◆ Instructions to follow
Retype, word for word, each line between the lines holding "then show ?thesis unfolding push_off_def" and "j k] delta_pos", inclusive, and leave the rest of the data alone.

◆ Source records
+===+
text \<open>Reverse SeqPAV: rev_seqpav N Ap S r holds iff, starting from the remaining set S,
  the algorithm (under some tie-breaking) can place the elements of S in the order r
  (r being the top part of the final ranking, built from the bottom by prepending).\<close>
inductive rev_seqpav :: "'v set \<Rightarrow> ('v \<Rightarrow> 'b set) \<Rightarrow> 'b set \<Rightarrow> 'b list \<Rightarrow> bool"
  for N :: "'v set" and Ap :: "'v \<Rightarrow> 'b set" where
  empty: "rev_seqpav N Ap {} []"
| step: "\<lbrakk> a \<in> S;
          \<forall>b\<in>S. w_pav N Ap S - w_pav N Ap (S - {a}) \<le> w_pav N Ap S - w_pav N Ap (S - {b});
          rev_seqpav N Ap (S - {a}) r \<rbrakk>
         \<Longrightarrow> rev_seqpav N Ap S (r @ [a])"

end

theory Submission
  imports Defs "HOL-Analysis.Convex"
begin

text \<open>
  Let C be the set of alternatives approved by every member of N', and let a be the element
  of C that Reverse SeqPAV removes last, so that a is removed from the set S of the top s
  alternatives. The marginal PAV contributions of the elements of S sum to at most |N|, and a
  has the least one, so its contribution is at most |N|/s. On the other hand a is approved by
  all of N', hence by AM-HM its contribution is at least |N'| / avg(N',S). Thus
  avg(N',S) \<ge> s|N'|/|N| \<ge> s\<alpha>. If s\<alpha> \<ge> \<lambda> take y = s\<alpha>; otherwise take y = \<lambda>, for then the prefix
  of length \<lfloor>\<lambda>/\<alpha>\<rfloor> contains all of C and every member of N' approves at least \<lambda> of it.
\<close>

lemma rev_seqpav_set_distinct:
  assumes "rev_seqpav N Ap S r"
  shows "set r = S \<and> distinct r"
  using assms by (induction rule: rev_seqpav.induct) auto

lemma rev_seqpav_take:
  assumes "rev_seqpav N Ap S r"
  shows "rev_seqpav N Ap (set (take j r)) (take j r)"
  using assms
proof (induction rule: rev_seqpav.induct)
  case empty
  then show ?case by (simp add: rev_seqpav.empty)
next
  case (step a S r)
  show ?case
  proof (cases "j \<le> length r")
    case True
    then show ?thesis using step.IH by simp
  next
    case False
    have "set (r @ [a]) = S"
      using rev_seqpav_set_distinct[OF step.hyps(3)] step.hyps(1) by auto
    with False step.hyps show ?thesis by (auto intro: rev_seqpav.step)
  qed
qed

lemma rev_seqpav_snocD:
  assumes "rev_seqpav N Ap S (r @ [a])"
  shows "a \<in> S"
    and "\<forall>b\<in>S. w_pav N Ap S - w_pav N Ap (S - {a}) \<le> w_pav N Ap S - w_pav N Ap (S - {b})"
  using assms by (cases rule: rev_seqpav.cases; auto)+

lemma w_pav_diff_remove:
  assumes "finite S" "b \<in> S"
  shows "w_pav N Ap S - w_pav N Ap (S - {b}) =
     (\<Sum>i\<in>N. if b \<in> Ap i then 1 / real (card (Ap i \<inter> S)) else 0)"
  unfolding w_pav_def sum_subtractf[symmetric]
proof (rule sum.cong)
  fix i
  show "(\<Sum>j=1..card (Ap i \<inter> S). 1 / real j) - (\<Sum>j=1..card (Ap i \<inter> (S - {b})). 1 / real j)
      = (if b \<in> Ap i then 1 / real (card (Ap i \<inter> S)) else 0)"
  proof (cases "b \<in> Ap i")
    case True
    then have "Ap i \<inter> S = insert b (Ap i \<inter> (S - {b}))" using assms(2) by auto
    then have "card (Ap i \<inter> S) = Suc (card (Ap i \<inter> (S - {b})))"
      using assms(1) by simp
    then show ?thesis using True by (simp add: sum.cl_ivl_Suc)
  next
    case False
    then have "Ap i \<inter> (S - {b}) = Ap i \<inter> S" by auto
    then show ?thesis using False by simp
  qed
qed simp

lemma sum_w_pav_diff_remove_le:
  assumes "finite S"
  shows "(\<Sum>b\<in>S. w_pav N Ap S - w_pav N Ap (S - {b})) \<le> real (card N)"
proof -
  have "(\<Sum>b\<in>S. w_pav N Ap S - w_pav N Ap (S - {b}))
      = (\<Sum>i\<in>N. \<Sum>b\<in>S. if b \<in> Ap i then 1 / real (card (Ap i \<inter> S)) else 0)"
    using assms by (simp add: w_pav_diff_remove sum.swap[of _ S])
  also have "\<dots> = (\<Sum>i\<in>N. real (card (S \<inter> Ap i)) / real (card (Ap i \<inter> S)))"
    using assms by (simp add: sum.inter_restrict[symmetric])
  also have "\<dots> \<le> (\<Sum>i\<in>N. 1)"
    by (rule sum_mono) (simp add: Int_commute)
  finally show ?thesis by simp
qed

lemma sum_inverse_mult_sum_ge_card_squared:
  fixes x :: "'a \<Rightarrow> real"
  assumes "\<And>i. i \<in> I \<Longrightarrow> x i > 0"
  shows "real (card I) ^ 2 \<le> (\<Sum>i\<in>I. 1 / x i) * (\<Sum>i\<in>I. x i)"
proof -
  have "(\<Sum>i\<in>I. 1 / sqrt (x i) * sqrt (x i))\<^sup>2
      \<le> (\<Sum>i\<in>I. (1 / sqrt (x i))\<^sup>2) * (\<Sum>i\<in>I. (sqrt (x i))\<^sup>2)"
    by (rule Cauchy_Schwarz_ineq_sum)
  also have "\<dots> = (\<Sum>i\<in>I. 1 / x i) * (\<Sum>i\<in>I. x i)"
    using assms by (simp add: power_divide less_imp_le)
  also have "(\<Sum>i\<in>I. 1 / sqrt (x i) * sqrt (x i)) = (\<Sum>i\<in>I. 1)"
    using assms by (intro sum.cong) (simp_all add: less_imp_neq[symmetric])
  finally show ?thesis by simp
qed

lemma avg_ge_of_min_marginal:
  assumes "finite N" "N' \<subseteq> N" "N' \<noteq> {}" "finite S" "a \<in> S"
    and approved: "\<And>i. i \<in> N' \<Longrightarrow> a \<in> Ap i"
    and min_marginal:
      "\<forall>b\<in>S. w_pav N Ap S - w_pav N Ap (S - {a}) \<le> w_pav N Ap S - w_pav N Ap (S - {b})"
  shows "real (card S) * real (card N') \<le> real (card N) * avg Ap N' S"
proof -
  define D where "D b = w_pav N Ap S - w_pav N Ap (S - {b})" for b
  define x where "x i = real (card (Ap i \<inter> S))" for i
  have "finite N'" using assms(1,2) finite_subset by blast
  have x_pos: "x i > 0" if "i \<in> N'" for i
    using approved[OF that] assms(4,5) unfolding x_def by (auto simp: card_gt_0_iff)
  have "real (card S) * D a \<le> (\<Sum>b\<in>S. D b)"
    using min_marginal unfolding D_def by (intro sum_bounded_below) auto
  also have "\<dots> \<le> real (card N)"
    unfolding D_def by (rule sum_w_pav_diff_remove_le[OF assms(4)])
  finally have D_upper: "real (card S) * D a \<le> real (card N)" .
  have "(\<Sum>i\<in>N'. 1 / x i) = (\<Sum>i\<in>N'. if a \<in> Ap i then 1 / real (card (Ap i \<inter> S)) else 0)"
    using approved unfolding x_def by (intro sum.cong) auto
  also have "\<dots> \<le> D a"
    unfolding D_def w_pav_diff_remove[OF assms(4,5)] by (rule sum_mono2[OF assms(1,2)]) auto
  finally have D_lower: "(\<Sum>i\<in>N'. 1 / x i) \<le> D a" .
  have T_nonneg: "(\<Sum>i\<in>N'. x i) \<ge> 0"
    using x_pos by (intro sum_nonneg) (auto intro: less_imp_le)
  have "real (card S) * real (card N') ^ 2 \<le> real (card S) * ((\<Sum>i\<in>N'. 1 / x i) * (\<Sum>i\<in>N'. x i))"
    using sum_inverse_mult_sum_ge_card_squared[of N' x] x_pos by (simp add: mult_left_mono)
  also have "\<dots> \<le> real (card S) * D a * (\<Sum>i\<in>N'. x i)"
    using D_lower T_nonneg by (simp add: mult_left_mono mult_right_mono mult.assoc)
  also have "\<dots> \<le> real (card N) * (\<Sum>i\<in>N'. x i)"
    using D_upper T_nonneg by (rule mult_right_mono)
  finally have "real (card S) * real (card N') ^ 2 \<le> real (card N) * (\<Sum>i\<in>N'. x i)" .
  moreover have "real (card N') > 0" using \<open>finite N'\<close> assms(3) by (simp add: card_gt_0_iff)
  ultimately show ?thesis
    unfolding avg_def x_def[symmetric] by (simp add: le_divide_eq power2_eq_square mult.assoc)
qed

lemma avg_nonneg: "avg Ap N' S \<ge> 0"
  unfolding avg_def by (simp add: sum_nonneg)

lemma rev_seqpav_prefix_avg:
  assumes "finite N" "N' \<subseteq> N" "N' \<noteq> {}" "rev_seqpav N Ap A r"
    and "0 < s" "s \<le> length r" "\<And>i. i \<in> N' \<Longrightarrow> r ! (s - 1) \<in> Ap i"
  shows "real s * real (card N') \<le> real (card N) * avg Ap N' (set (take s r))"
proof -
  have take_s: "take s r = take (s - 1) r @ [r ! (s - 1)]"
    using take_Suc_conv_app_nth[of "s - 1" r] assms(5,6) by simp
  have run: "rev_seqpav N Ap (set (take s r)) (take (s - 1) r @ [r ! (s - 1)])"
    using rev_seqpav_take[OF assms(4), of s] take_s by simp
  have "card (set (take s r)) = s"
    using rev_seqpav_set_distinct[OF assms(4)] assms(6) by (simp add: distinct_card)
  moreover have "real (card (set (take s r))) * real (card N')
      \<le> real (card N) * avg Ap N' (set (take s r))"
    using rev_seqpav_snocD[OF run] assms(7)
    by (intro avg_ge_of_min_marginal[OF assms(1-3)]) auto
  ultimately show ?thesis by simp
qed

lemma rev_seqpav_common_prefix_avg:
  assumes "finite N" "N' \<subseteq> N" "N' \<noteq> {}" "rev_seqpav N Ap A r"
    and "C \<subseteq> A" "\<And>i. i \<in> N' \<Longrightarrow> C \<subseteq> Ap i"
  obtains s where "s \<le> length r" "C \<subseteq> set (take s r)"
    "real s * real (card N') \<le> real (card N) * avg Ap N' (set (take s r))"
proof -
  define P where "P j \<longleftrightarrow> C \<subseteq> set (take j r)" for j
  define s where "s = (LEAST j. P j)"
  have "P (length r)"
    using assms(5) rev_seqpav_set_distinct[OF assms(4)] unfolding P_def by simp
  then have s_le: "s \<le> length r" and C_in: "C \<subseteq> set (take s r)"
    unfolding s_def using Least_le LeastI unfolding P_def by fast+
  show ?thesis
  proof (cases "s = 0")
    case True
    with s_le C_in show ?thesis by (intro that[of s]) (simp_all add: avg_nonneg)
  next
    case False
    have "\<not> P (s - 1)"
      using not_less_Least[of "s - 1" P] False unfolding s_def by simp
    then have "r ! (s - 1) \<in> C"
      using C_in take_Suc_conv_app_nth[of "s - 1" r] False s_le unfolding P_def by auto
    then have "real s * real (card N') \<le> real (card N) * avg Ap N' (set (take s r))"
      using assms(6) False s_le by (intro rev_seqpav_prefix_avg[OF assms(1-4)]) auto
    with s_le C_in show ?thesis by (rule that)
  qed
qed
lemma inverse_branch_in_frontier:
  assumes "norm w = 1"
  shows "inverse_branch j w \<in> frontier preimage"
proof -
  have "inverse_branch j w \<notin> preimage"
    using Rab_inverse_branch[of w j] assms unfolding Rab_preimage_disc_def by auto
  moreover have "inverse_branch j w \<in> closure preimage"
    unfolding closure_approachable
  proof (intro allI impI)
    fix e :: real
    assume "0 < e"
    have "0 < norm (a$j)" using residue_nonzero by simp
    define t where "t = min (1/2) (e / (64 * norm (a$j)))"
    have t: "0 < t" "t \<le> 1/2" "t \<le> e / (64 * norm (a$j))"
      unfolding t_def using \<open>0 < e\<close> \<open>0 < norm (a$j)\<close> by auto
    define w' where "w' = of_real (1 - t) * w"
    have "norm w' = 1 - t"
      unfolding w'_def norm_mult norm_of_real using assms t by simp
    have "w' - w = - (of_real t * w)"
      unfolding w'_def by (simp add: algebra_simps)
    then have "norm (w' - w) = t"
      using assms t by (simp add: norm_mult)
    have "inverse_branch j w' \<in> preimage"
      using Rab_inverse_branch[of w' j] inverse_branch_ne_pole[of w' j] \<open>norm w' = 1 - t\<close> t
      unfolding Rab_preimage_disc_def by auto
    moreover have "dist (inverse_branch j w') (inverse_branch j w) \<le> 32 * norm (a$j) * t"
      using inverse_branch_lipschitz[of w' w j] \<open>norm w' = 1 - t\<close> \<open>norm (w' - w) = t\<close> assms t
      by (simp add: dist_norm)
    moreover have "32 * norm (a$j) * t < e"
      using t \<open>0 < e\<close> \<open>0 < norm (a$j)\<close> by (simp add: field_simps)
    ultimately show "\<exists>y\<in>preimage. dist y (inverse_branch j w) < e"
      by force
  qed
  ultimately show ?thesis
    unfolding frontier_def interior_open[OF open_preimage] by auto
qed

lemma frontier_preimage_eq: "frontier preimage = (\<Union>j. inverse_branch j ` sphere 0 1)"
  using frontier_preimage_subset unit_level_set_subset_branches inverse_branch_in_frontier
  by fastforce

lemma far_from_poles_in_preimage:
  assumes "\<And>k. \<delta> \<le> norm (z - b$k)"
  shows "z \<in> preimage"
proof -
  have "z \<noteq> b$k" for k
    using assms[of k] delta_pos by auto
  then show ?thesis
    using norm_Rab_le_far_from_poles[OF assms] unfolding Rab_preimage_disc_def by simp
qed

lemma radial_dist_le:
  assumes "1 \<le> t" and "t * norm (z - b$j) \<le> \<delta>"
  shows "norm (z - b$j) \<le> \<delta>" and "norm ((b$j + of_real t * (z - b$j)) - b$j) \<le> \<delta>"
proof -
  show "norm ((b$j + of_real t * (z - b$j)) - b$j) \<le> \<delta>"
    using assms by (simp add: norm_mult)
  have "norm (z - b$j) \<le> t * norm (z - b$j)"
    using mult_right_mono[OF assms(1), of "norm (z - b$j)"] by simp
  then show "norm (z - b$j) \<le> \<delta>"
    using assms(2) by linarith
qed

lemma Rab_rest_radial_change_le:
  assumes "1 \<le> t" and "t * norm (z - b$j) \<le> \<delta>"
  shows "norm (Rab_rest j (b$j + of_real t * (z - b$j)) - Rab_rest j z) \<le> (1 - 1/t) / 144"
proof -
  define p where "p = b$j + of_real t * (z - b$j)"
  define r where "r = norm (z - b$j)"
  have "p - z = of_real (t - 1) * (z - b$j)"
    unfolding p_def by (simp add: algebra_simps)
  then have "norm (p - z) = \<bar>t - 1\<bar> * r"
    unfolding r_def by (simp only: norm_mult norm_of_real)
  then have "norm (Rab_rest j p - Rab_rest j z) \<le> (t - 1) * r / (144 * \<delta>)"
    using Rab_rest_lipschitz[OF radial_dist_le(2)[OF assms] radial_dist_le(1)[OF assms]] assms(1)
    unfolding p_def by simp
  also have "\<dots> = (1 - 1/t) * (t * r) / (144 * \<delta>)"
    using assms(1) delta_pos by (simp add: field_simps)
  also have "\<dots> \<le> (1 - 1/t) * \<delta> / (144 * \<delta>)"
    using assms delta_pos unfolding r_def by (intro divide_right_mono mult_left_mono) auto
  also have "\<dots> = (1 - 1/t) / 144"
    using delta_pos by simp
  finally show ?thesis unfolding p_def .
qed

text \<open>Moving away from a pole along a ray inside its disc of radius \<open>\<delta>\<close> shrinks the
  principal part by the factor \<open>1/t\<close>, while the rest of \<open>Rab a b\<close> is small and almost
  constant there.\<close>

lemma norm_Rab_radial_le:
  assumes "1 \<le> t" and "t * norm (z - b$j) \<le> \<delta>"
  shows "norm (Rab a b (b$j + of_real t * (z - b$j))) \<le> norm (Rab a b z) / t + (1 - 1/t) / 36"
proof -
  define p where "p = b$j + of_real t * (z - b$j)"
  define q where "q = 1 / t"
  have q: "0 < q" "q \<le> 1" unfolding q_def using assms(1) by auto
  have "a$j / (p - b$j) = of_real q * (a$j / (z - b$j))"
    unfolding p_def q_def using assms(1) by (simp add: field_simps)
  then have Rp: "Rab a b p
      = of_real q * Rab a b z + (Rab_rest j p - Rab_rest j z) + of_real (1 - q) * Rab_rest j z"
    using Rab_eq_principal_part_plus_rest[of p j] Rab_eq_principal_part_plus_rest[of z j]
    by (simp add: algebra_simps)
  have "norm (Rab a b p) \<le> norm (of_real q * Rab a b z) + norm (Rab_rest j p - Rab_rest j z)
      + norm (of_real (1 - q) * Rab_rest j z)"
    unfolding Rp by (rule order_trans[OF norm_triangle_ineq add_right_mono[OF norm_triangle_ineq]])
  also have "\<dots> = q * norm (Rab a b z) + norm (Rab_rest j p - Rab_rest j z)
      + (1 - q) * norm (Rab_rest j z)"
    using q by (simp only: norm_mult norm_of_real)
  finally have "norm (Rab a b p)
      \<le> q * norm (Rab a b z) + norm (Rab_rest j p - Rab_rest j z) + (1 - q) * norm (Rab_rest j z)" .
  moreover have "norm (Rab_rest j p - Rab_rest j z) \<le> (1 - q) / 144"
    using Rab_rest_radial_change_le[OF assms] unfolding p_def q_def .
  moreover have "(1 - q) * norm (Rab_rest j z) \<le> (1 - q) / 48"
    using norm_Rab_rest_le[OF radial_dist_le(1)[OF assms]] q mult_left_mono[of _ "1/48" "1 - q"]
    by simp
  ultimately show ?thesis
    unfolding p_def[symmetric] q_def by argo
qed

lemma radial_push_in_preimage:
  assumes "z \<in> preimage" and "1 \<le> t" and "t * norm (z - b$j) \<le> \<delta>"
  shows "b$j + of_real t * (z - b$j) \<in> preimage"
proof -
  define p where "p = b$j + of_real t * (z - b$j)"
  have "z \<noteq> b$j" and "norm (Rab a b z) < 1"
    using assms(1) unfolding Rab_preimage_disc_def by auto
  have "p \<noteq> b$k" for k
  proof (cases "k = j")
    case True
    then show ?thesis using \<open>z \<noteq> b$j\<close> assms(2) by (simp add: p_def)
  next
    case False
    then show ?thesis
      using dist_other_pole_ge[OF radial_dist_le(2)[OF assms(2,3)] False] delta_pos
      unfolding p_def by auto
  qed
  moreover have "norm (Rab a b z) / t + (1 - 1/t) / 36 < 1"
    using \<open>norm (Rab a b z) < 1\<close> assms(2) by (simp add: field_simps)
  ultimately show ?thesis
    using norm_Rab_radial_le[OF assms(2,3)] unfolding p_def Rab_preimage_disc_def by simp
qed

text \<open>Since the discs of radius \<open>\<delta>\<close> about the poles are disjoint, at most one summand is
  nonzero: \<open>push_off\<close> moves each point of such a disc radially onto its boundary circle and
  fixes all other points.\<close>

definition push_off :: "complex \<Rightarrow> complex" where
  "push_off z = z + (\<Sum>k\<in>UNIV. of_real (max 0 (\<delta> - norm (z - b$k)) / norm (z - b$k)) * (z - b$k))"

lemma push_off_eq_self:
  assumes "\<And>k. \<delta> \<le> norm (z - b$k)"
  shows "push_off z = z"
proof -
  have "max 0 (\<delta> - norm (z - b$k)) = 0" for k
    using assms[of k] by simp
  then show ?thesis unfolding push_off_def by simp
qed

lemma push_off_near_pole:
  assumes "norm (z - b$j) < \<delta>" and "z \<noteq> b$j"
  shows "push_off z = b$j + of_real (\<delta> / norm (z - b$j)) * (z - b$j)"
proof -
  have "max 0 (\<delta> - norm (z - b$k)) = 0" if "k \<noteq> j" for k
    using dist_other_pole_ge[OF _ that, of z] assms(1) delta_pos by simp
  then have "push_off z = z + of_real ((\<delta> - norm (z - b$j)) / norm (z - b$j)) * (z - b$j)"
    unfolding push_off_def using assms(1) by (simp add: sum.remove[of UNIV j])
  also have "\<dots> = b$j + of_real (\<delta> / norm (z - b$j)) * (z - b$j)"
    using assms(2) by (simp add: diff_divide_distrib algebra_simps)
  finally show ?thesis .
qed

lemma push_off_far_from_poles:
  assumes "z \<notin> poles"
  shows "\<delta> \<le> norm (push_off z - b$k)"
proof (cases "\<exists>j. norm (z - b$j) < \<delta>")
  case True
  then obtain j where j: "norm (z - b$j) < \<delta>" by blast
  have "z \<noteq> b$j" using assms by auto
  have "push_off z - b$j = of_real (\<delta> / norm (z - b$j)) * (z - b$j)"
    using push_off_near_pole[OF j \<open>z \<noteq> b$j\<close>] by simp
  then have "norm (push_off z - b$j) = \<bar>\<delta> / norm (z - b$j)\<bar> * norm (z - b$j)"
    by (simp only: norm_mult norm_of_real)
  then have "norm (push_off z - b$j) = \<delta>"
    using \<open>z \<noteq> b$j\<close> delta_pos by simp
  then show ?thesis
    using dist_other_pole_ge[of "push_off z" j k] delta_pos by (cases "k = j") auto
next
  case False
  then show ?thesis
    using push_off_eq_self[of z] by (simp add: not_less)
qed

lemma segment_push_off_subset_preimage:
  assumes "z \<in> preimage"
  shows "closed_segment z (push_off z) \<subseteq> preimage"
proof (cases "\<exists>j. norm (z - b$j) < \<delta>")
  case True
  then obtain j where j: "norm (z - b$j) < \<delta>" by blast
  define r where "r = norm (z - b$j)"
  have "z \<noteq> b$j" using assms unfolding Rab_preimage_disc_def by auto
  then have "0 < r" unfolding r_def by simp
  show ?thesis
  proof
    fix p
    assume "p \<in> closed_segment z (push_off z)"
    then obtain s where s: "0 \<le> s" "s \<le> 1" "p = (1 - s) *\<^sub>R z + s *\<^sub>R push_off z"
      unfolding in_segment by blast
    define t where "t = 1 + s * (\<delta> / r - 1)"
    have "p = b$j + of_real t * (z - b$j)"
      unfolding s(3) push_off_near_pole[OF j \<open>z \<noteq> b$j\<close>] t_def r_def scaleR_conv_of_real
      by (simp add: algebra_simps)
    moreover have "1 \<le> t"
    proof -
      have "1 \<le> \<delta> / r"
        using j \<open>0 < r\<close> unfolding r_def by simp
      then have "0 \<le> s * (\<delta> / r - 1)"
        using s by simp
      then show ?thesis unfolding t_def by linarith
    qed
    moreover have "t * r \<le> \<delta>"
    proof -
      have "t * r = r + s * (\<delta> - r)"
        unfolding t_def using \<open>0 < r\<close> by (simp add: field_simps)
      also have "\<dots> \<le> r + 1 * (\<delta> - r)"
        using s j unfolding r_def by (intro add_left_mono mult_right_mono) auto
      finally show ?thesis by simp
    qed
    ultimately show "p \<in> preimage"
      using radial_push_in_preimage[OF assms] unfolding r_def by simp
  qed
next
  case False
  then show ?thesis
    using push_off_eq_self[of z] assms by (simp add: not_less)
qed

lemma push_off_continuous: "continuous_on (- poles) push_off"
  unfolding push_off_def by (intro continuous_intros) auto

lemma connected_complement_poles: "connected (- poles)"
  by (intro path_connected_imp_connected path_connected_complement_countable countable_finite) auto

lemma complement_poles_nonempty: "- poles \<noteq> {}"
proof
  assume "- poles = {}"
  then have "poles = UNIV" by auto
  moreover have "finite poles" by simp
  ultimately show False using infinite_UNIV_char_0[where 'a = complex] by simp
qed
+===+
◆ Output below
  then show ?thesis unfolding push_off_def by simp
qed

lemma push_off_near_pole:
  assumes "norm (z - b$j) < \<delta>" and "z \<noteq> b$j"
  shows "push_off z = b$j + of_real (\<delta> / norm (z - b$j)) * (z - b$j)"
proof -
  have "max 0 (\<delta> - norm (z - b$k)) = 0" if "k \<noteq> j" for k
    using dist_other_pole_ge[OF _ that, of z] assms(1) delta_pos by simp
  then have "push_off z = z + of_real ((\<delta> - norm (z - b$j)) / norm (z - b$j)) * (z - b$j)"
    unfolding push_off_def using assms(1) by (simp add: sum.remove[of UNIV j])
  also have "\<dots> = b$j + of_real (\<delta> / norm (z - b$j)) * (z - b$j)"
    using assms(2) by (simp add: diff_divide_distrib algebra_simps)
  finally show ?thesis .
qed

lemma push_off_far_from_poles:
  assumes "z \<notin> poles"
  shows "\<delta> \<le> norm (push_off z - b$k)"
proof (cases "\<exists>j. norm (z - b$j) < \<delta>")
  case True
  then obtain j where j: "norm (z - b$j) < \<delta>" by blast
  have "z \<noteq> b$j" using assms by auto
  have "push_off z - b$j = of_real (\<delta> / norm (z - b$j)) * (z - b$j)"
    using push_off_near_pole[OF j \<open>z \<noteq> b$j\<close>] by simp
  then have "norm (push_off z - b$j) = \<bar>\<delta> / norm (z - b$j)\<bar> * norm (z - b$j)"
    by (simp only: norm_mult norm_of_real)
  then have "norm (push_off z - b$j) = \<delta>"
    using \<open>z \<noteq> b$j\<close> delta_pos by simp
  then show ?thesis
    using dist_other_pole_ge[of "push_off z" j k] delta_pos by (cases "k = j") auto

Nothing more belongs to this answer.